Outcomes of occipitocervical fixation using a spinous process screw in C2 as a third anchor point for occipitocervical fixation: a case presentation

Background

Posterior occipitocervical fixation and fusion are often required to address occipitocervical instability. Safe, stable internal fixation with screws is vital for the success of such surgery. Thus, poor selection of an internal fixation technique may cause fixation and fusion failure, possibly leading to neurovascular injury. Hence, in certain cases, such as in patients with severe instability of an occipitocervical deformity or osteoporosis, we hypothesized that having a third anchor point (a screw in C2) could enhance the stability of the occipitocervical fixation.

Case presentation

A 31-year-old man with occipitocervical deformity and spinal cord edema underwent a traditional occipitocervical fixation procedure but with the addition of a spinous process screw in C2 as a third anchor point. The procedure included posterior internal fixation and fusion. The occipitocervical fixation was completed by inserting occipital screws, bilateral C2 pedicle screws, C3 lateral mass screws, and a spinous process screw in C2 as a third anchor point. There were no neurovascular complications or incision-site infections. Postoperatively, radiography and computed tomography showed that the occipitocervical reduction and internal fixation had resulted in good spinal alignment, and magnetic resonance imaging showed no obvious spinal cord compression. At 4 months after the surgery, fusion was observed, and the occipitocervical screws remained well positioned. The patient continued to be monitored for 24 months postoperatively. At the 24-month follow-up visit, the muscle strength of the limbs was grade 5, and the patient’s sensation function had improved over his preoperative condition.

Conclusions

Use of a C2 spinous process screw as a third anchor point may enhance the stability of occipitocervical fixation. Further biomechanical and clinical studies are needed to validate this result.

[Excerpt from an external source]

(* Let $\mathcal{G}=(G;T_1,T_2;\theta)\in\mathcal{G}_2^{sym}$ with $\mathcal{G}\neq\mathcal{K}_1$. Then $s_\theta$ fixes exactly one vertex of $G$, and this vertex has even degree at least $4$.
   Context: A multi-graph is finite and loop-free, possibly with parallel edges. A $2$-tree decomposition is $(G;T_1,T_2)$ with $G$ a multi-graph and $T_1,T_2$ spanning trees of $G$ whose edge sets partition $E(G)$. Let $\mathbb{Z}_2=\langle s\rangle$. A $\mathbb{Z}_2$-symmetric multi-graph is a pair $(G,\theta)$ with $\theta:\mathbb{Z}_2\to\mathrm{Aut}(G)$ a non-trivial homomorphism; write $s_\theta=\theta(s)$ and for an edge $e=v_1v_2$, $s_\theta(e)=s_\theta(v_1)s_\theta(v_2)$. A vertex $v$ (edge $e$) is fixed if $s_\theta(v)=v$ ($s_\theta(e)=e$). A symmetric $2$-tree decomposition is $(G;T_1,T_2;\theta)$ where $(G;T_1,T_2)$ is a $2$-tree decomposition, $(G,\theta)$ is $\mathbb{Z}_2$-symmetric and $s_\theta(T_i)=T_i$ for $i=1,2$. $\mathcal{G}_2^{sym}$ denotes the set of symmetric $2$-tree decompositions with no fixed edges, together with $\mathcal{K}_1=(K_1;T_1,T_2;\theta)$ where $K_1$ is a single vertex, the $T_i$ are edgeless and $\theta$ is trivial. *)

theory Defs
  imports Main
begin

Degeneration, deformities, trauma, tumors, and other diseases can lead to occipitocervical instability, which often requires posterior occipitocervical fixation and fusion [1, 2]. When using the posterior approach to the occipitocervical joint, however, the anatomical structure and the presence of adjacent structures are complex and often result in shear stress concentration. Safe, stable internal fixation of the screws is vital for successful surgery. Poor selection of an internal fixation technique may cause the fixation and fusion to fail, possibly leading to neurovascular injury. The C2 vertebra is a commonly used anchor point for screws for both posterior upper cervical vertebral and occipitocervical fixation. The use of pedicle screws in C2 for fixation is relatively well established and commonly used, whereas the use of isthmus or lamina screws is less common [3, 4].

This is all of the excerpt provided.